WHAT YOU WILL DO = Repeat the records word for word.

··· DATA UNDER STUDY ···

lemma (in vec_space) rank_one_col_multiple:
  assumes A: "A \<in> carrier_mat n nc" and "rank A = 1"
    and w: "w \<in> set (cols A)" "w \<noteq> 0\<^sub>v n" and v: "v \<in> set (cols A)"
  obtains c where "v = c \<cdot>\<^sub>v w"
proof -
  have cols: "set (cols A) \<subseteq> carrier_vec n" using A by (auto simp: cols_def)
  have w_indpt: "lin_indpt {w}" using lin_indpt_singleton w cols by auto
  obtain S where S: "maximal S (\<lambda>T. T \<subseteq> set (cols A) \<and> lin_indpt T)" "{w} \<subseteq> S"
    using maximal_exists_superset[of "set (cols A)" "\<lambda>T. T \<subseteq> set (cols A) \<and> lin_indpt T" "{w}"]
      w w_indpt by auto
  have "card S = 1" using rank_card_indpt[OF A S(1)] \<open>rank A = 1\<close> by simp
  then have S_eq: "S = {w}" using S(2) by (metis card_1_singletonE insert_subset singletonD)
  have S_max: "B = S" if "S \<subseteq> B" "B \<subseteq> set (cols A)" "lin_indpt B" for B
    using S(1) that unfolding maximal_def by blast
  show ?thesis
  proof (cases "v = w")
    case True
    then show ?thesis by (intro that[of 1]) simp
  next
    case False
    have "\<not> lin_indpt ({w} \<union> {v})"
    proof
      assume "lin_indpt ({w} \<union> {v})"
      then have "{w} \<union> {v} = S" by (rule S_max[rotated 2]) (use S_eq v w in auto)
      then show False using S_eq False by auto
    qed
    moreover have "{w} \<subseteq> carrier_vec n" "v \<in> carrier_vec n" "v \<notin> {w}" using w v cols False by auto
    ultimately have "v \<in> span {w}" using lin_dep_iff_in_span[of "{w}" v] w_indpt by simp
    then obtain c where "lincomb c {w} = v" using finite_in_span[of "{w}"] w cols by auto
    then show ?thesis using that[of "c w"] w cols by (auto simp: lincomb_def)
  qed
qed

lemma (in vec_space) rank_one_imp_product_entries:
  assumes A: "A \<in> carrier_mat n nc" and rank: "rank A = 1"
  obtains f g where "\<And>i j. i < n \<Longrightarrow> j < nc \<Longrightarrow> A $$ (i, j) = f i * g j"
proof (cases "\<exists>i<n. \<exists>j<nc. A $$ (i, j) \<noteq> 0")
  case False
  then show ?thesis using that[of "\<lambda>_. 0" "\<lambda>_. 0"] by auto
next
  case True
  then obtain i0 j0 where "i0 < n" "j0 < nc" "A $$ (i0, j0) \<noteq> 0" by blast
  then have w: "col A j0 \<in> set (cols A)" "col A j0 \<noteq> 0\<^sub>v n"
    using A col_nonzero_if_entry_nonzero by (auto simp: cols_def)
  have "\<exists>c. col A j = c \<cdot>\<^sub>v col A j0" if "j < nc" for j
    using rank_one_col_multiple[OF A rank w, of "col A j"] that A by (auto simp: cols_def)
  then obtain c where c: "\<And>j. j < nc \<Longrightarrow> col A j = c j \<cdot>\<^sub>v col A j0" by metis
  have "A $$ (i, j) = col A j0 $ i * c j" if "i < n" "j < nc" for i j
  proof -
    have "A $$ (i, j) = col A j $ i" using that A by simp
    also have "\<dots> = c j * col A j0 $ i" using c[OF that(2)] that A by simp
    finally show ?thesis by simp
  qed
  then show ?thesis by (rule that[of "\<lambda>i. col A j0 $ i" c])
qed

lemma is_linear_automorphismD:
  assumes "is_linear_automorphism K \<phi>"
  shows "additive \<phi>" "bij \<phi>" "\<And>c x. c \<in> K \<Longrightarrow> \<phi> (c * x) = c * \<phi> x"
  using assms by (simp_all add: is_linear_automorphism_def additive_def)

lemma is_linear_code_line:
  fixes u :: "'a::field list"
  shows "is_linear_code (length u) (range (\<lambda>z. map ((*) z) u))"
  unfolding is_linear_code_def
proof (intro conjI ballI allI)
  show "replicate (length u) 0 \<in> range (\<lambda>z. map ((*) z) u)"
    by (rule range_eqI[where x=0]) (simp add: list_eq_iff_nth_eq)
next
  fix v v' assume "v \<in> range (\<lambda>z. map ((*) z) u)" "v' \<in> range (\<lambda>z. map ((*) z) u)"
  then obtain z z' where "v = map ((*) z) u" "v' = map ((*) z') u" by auto
  then show "map2 (+) v v' \<in> range (\<lambda>z. map ((*) z) u)"
    by (intro range_eqI[where x="z + z'"]) (simp add: list_eq_iff_nth_eq distrib_right)
next
  fix c v assume "v \<in> range (\<lambda>z. map ((*) z) u)"
  then obtain z where "v = map ((*) z) u" by auto
  then show "map ((*) c) v \<in> range (\<lambda>z. map ((*) z) u)"
    by (intro range_eqI[where x="c * z"]) (simp add: mult.assoc)
qed auto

···

TASK RESULT =
lemma (in vec_space) rank_one_col_multiple:
  assumes A: "A \<in> carrier_mat n nc" and "rank A = 1"
    and w: "w \<in> set (cols A)" "w \<noteq> 0\<^sub>v n" and v: "v \<in> set (cols A)"
  obtains c where "v = c \<cdot>\<^sub>v w"
proof -
  have cols: "set (cols A) \<subseteq> carrier_vec n" using A by (auto simp: cols_def)
  have w_indpt: "lin_indpt {w}" using lin_indpt_singleton w cols by auto
  obtain S where S: "maximal S (\<lambda>T. T \<subseteq> set (cols A) \<and> lin_indpt T)" "{w} \<subseteq> S"
    using maximal_exists_superset[of "set (cols A)" "\<lambda>T. T \<subseteq> set (cols A) \<and> lin_indpt T" "{w}"]
      w w_indpt by auto
  have "card S = 1" using rank_card_indpt[OF A S(1)] \<open>rank A = 1\<close> by simp
  then have S_eq: "S = {w}" using S(2) by (metis card_1_singletonE insert_subset singletonD)
  have S_max: "B = S" if "S \<subseteq> B" "B \<subseteq> set (cols A)" "lin_indpt B" for B
    using S(1) that unfolding maximal_def by blast
  show ?thesis
  proof (cases "v = w")
    case True
    then show ?thesis by (intro that[of 1]) simp
  next
    case False
    have "\<not> lin_indpt ({w} \<union> {v})"
    proof
      assume "lin_indpt ({w} \<union> {v})"
      then have "{w} \<union> {v} = S" by (rule S_max[rotated 2]) (use S_eq v w in auto)
      then show False using S_eq False by auto
    qed
    moreover have "{w} \<subseteq> carrier_vec n" "v \<in> carrier_vec n" "v \<notin> {w}" using w v cols False by auto
    ultimately have "v \<in> span {w}" using lin_dep_iff_in_span[of "{w}" v] w_indpt by simp
    then obtain c where "lincomb c {w} = v" using finite_in_span[of "{w}"] w cols by auto
    then show ?thesis using that[of "c w"] w cols by (auto simp: lincomb_def)
  qed
qed

lemma (in vec_space) rank_one_imp_product_entries:
  assumes A: "A \<in> carrier_mat n nc" and rank: "rank A = 1"
  obtains f g where "\<And>i j. i < n \<Longrightarrow> j < nc \<Longrightarrow> A $$ (i, j) = f i * g j"
proof (cases "\<exists>i<n. \<exists>j<nc. A $$ (i, j) \<noteq> 0")
  case False
  then show ?thesis using that[of "\<lambda>_. 0" "\<lambda>_. 0"] by auto
next
  case True
  then obtain i0 j0 where "i0 < n" "j0 < nc" "A $$ (i0, j0) \<noteq> 0" by blast
  then have w: "col A j0 \<in> set (cols A)" "col A j0 \<noteq> 0\<^sub>v n"
    using A col_nonzero_if_entry_nonzero by (auto simp: cols_def)
  have "\<exists>c. col A j = c \<cdot>\<^sub>v col A j0" if "j < nc" for j
    using rank_one_col_multiple[OF A rank w, of "col A j"] that A by (auto simp: cols_def)
  then obtain c where c: "\<And>j. j < nc \<Longrightarrow> col A j = c j \<cdot>\<^sub>v col A j0" by metis
  have "A $$ (i, j) = col A j0 $ i * c j" if "i < n" "j < nc" for i j
  proof -
    have "A $$ (i, j) = col A j $ i" using that A by simp
    also have "\<dots> = c j * col A j0 $ i" using c[OF that(2)] that A by simp
    finally show ?thesis by simp
  qed
  then show ?thesis by (rule that[of "\<lambda>i. col A j0 $ i" c])
qed

lemma is_linear_automorphismD:
  assumes "is_linear_automorphism K \<phi>"
  shows "additive \<phi>" "bij \<phi>" "\<And>c x. c \<in> K \<Longrightarrow> \<phi> (c * x) = c * \<phi> x"
  using assms by (simp_all add: is_linear_automorphism_def additive_def)

lemma is_linear_code_line:
  fixes u :: "'a::field list"
  shows "is_linear_code (length u) (range (\<lambda>z. map ((*) z) u))"
  unfolding is_linear_code_def
proof (intro conjI ballI allI)
  show "replicate (length u) 0 \<in> range (\<lambda>z. map ((*) z) u)"
    by (rule range_eqI[where x=0]) (simp add: list_eq_iff_nth_eq)
next
  fix v v' assume "v \<in> range (\<lambda>z. map ((*) z) u)" "v' \<in> range (\<lambda>z. map ((*) z) u)"
  then obtain z z' where "v = map ((*) z) u" "v' = map ((*) z') u" by auto
  then show "map2 (+) v v' \<in> range (\<lambda>z. map ((*) z) u)"
    by (intro range_eqI[where x="z + z'"]) (simp add: list_eq_iff_nth_eq distrib_right)
next
  fix c v assume "v \<in> range (\<lambda>z. map ((*) z) u)"
  then obtain z where "v = map ((*) z) u" by auto
  then show "map ((*) c) v \<in> range (\<lambda>z. map ((*) z) u)"
    by (intro range_eqI[where x="c * z"]) (simp add: mult.assoc)
qed auto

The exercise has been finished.